> [Provided material]
lemma dist_transl_le:
  assumes "f \<in> Y" "f' \<in> Y" "g \<in> carrier K" "h \<in> carrier K"
  shows "D (transl g f) (transl h f') \<le> L * d g h + D f f'"
proof -
  have F: "f \<in> F" "f' \<in> F"
    using assms Y_subset_F by auto
  have "D (transl g f) (transl h f') \<le> D (transl g f) (transl h f) + D (transl h f) (transl h f')"
    using F assms by (intro F.triangle transl_in_F) auto
  also have "\<dots> \<le> L * d g h + D f f'"
    using dist_transl_Y[OF assms(1,3,4)] transl_isometric[OF F assms(4)] by simp
  finally show ?thesis .
qed

lemma Metric_space_Y: "Metric_space Y D"
  using F.subspace[OF Y_subset_F] .

lemma mcomplete_Y: "Metric_space.mcomplete Y D"
proof -
  interpret Submetric F D Y
    by unfold_locales (fact Y_subset_F)
  have "closedin F.mtopology Y"
    unfolding Y_def by (rule closedin_closure_of)
  then show ?thesis
    using mcomplete_fspace by (rule closedin_mcomplete_imp_mcomplete)
qed

lemma bounded_Y: "bounded_metric_space Y D"
proof -
  have bounded: "\<bar>s x\<bar> \<le> B" if "s \<in> orbits" "x \<in> I" for s x
    using that transl_index seed_bounded by (auto simp: orbits_def transl_def)
  have "D s s' \<le> 2 * B" if "s \<in> orbits" "s' \<in> orbits" for s s'
  proof (rule fdist_le[OF _ _ I_nonempty])
    show "s \<in> F" "s' \<in> F"
      using that orbits_subset_F by auto
    fix x
    assume "x \<in> I"
    then show "dist (s x) (s' x) \<le> 2 * B"
      using bounded[OF that(1) \<open>x \<in> I\<close>] bounded[OF that(2) \<open>x \<in> I\<close>]
        abs_triangle_ineq4[of "s x" "s' x"]
      by (simp add: dist_real_def)
  qed
  then have "F.mbounded orbits"
    using orbits_subset_F unfolding F.mbounded_alt by blast
  then have "F.mbounded Y"
    unfolding Y_def by (rule F.mbounded_closure_of)
  then show ?thesis
    using Metric_space_Y Y_subset_F
    unfolding bounded_metric_space_def F.mbounded_alt Metric_space.mbounded_alt[OF Metric_space_Y]
    by blast
qed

> [Exercise directions]
The full listing above should be returned exactly as supplied.

> [Answer below]
lemma dist_transl_le:
  assumes "f \<in> Y" "f' \<in> Y" "g \<in> carrier K" "h \<in> carrier K"
  shows "D (transl g f) (transl h f') \<le> L * d g h + D f f'"
proof -
  have F: "f \<in> F" "f' \<in> F"
    using assms Y_subset_F by auto
  have "D (transl g f) (transl h f') \<le> D (transl g f) (transl h f) + D (transl h f) (transl h f')"
    using F assms by (intro F.triangle transl_in_F) auto
  also have "\<dots> \<le> L * d g h + D f f'"
    using dist_transl_Y[OF assms(1,3,4)] transl_isometric[OF F assms(4)] by simp
  finally show ?thesis .
qed

lemma Metric_space_Y: "Metric_space Y D"
  using F.subspace[OF Y_subset_F] .

lemma mcomplete_Y: "Metric_space.mcomplete Y D"
proof -
  interpret Submetric F D Y
    by unfold_locales (fact Y_subset_F)
  have "closedin F.mtopology Y"
    unfolding Y_def by (rule closedin_closure_of)
  then show ?thesis
    using mcomplete_fspace by (rule closedin_mcomplete_imp_mcomplete)
qed

lemma bounded_Y: "bounded_metric_space Y D"
proof -
  have bounded: "\<bar>s x\<bar> \<le> B" if "s \<in> orbits" "x \<in> I" for s x
    using that transl_index seed_bounded by (auto simp: orbits_def transl_def)
  have "D s s' \<le> 2 * B" if "s \<in> orbits" "s' \<in> orbits" for s s'
  proof (rule fdist_le[OF _ _ I_nonempty])
    show "s \<in> F" "s' \<in> F"
      using that orbits_subset_F by auto
    fix x
    assume "x \<in> I"
    then show "dist (s x) (s' x) \<le> 2 * B"
      using bounded[OF that(1) \<open>x \<in> I\<close>] bounded[OF that(2) \<open>x \<in> I\<close>]
        abs_triangle_ineq4[of "s x" "s' x"]
      by (simp add: dist_real_def)
  qed
  then have "F.mbounded orbits"
    using orbits_subset_F unfolding F.mbounded_alt by blast
  then have "F.mbounded Y"
    unfolding Y_def by (rule F.mbounded_closure_of)
  then show ?thesis
    using Metric_space_Y Y_subset_F
    unfolding bounded_metric_space_def F.mbounded_alt Metric_space.mbounded_alt[OF Metric_space_Y]
    by blast
qed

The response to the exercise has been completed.